## WORK ORDER
From the listing below, copy each line where "exists" occurs.
-------- RECORDS TO USE
lemma prefers_asym: "distinct (P x) \<Longrightarrow> prefers P x y z \<Longrightarrow> \<not> prefers P x z y"
proof
  assume d: "distinct (P x)" and "prefers P x y z" "prefers P x z y"
  then obtain i j i' j' where h: "i < j" "j < length (P x)" "P x ! i = y" "P x ! j = z"
     "i' < j'" "j' < length (P x)" "P x ! i' = z" "P x ! j' = y"
    unfolding prefers_def by blast
  have "i = j'" "j = i'" using d h nth_eq_iff_index_eq by (metis order.strict_trans)+
  then show False using h by simp
qed

lemma prefers_irrefl: "distinct (P x) \<Longrightarrow> \<not> prefers P x y y"
  by (metis prefers_asym)

lemma prefers_iff_append: "prefers P x y z \<longleftrightarrow> (\<exists>as bs. P x = as @ y # bs \<and> z \<in> set bs)"
proof
  assume "prefers P x y z"
  then obtain i j where ij: "i < j" "j < length (P x)" "P x ! i = y" "P x ! j = z"
    unfolding prefers_def by blast
  have "P x = take i (P x) @ P x ! i # drop (Suc i) (P x)"
    by (rule id_take_nth_drop) (use ij in simp)
  moreover have "drop (Suc i) (P x) ! (j - Suc i) = z" "j - Suc i < length (drop (Suc i) (P x))"
    using ij by simp_all
  ultimately show "\<exists>as bs. P x = as @ y # bs \<and> z \<in> set bs" using ij nth_mem by metis
next
  assume "\<exists>as bs. P x = as @ y # bs \<and> z \<in> set bs"
  then obtain as bs k where h: "P x = as @ y # bs" "k < length bs" "bs ! k = z"
    by (metis in_set_conv_nth)
  then have "P x ! length as = y" "P x ! (length as + Suc k) = z" "length as + Suc k < length (P x)"
    by (simp_all add: nth_append)
  then show "prefers P x y z"
    unfolding prefers_def by (intro exI[of _ "length as"] exI[of _ "length as + Suc k"]) simp
qed

lemma prefers_filter:
  assumes "prefers P x y z" "Q y" "Q z"
  shows "prefers (\<lambda>x. filter Q (P x)) x y z"
proof -
  obtain as bs where "P x = as @ y # bs" "z \<in> set bs"
    using assms(1) prefers_iff_append by metis
  then have "filter Q (P x) = filter Q as @ y # filter Q bs" "z \<in> set (filter Q bs)"
    using assms(2,3) by simp_all
  then show ?thesis by (subst prefers_iff_append) blast
qed

definition del_agents :: "'a set \<Rightarrow> ('a \<Rightarrow> 'a list) \<Rightarrow> ('a \<Rightarrow> 'a list)" where
  "del_agents D P = (\<lambda>x. filter (\<lambda>y. y \<notin> D) (P x))"

lemma del_pref_eq_del_agents: "del_pref a P = del_agents {a} P"
  unfolding del_pref_def del_agents_def by simp

lemma del_agents_empty: "del_agents {} P = P"
  unfolding del_agents_def by simp

lemma smi_del_agents: "smi U W P \<Longrightarrow> smi (U - D) (W - D) (del_agents D P)"
  unfolding smi_def del_agents_def by auto

lemma acceptable_del_agents:
  "acceptable (del_agents D P) m w \<longleftrightarrow> acceptable P m w \<and> m \<notin> D \<and> w \<notin> D"
  unfolding acceptable_def del_agents_def by auto

lemma prefers_del_agents:
  "prefers P x y z \<Longrightarrow> y \<notin> D \<Longrightarrow> z \<notin> D \<Longrightarrow> prefers (del_agents D P) x y z"
  unfolding del_agents_def by (rule prefers_filter)

lemma matching_del_agents:
  "matching (U - D) (W - D) (del_agents D P) M \<Longrightarrow> matching U W P M"
  unfolding matching_def acceptable_del_agents by blast

lemma smi_swap: "smi W U P \<longleftrightarrow> smi U W P"
  unfolding smi_def by blast

lemma matching_converse: "matching W U P (M\<inverse>) \<longleftrightarrow> matching U W P M"
  unfolding matching_def acceptable_def by auto

lemma blocks_converse: "blocks W U P (M\<inverse>) w m \<longleftrightarrow> blocks U W P M m w"
  unfolding blocks_def acceptable_def by blast

lemma stable_converse: "stable W U P (M\<inverse>) \<longleftrightarrow> stable U W P M"
  unfolding stable_def using matching_converse blocks_converse by metis

definition acceptable_pairs :: "'a set \<Rightarrow> 'a set \<Rightarrow> ('a \<Rightarrow> 'a list) \<Rightarrow> ('a \<times> 'a) set" where
  "acceptable_pairs U W P = {(m, w). m \<in> U \<and> w \<in> W \<and> acceptable P m w}"

lemma acceptable_pairs_converse: "(acceptable_pairs U W P)\<inverse> = acceptable_pairs W U P"
  unfolding acceptable_pairs_def acceptable_def by auto

lemma matching_iff_single_valued:
  "matching U W P M \<longleftrightarrow> M \<subseteq> acceptable_pairs U W P \<and> single_valued M \<and> single_valued (M\<inverse>)"
  unfolding matching_def acceptable_pairs_def single_valued_def by auto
----------------
## OUTPUT FOR THIS TASK
lemma prefers_iff_append: "prefers P x y z \<longleftrightarrow> (\<exists>as bs. P x = as @ y # bs \<and> z \<in> set bs)"
  ultimately show "\<exists>as bs. P x = as @ y # bs \<and> z \<in> set bs" using ij nth_mem by metis
  assume "\<exists>as bs. P x = as @ y # bs \<and> z \<in> set bs"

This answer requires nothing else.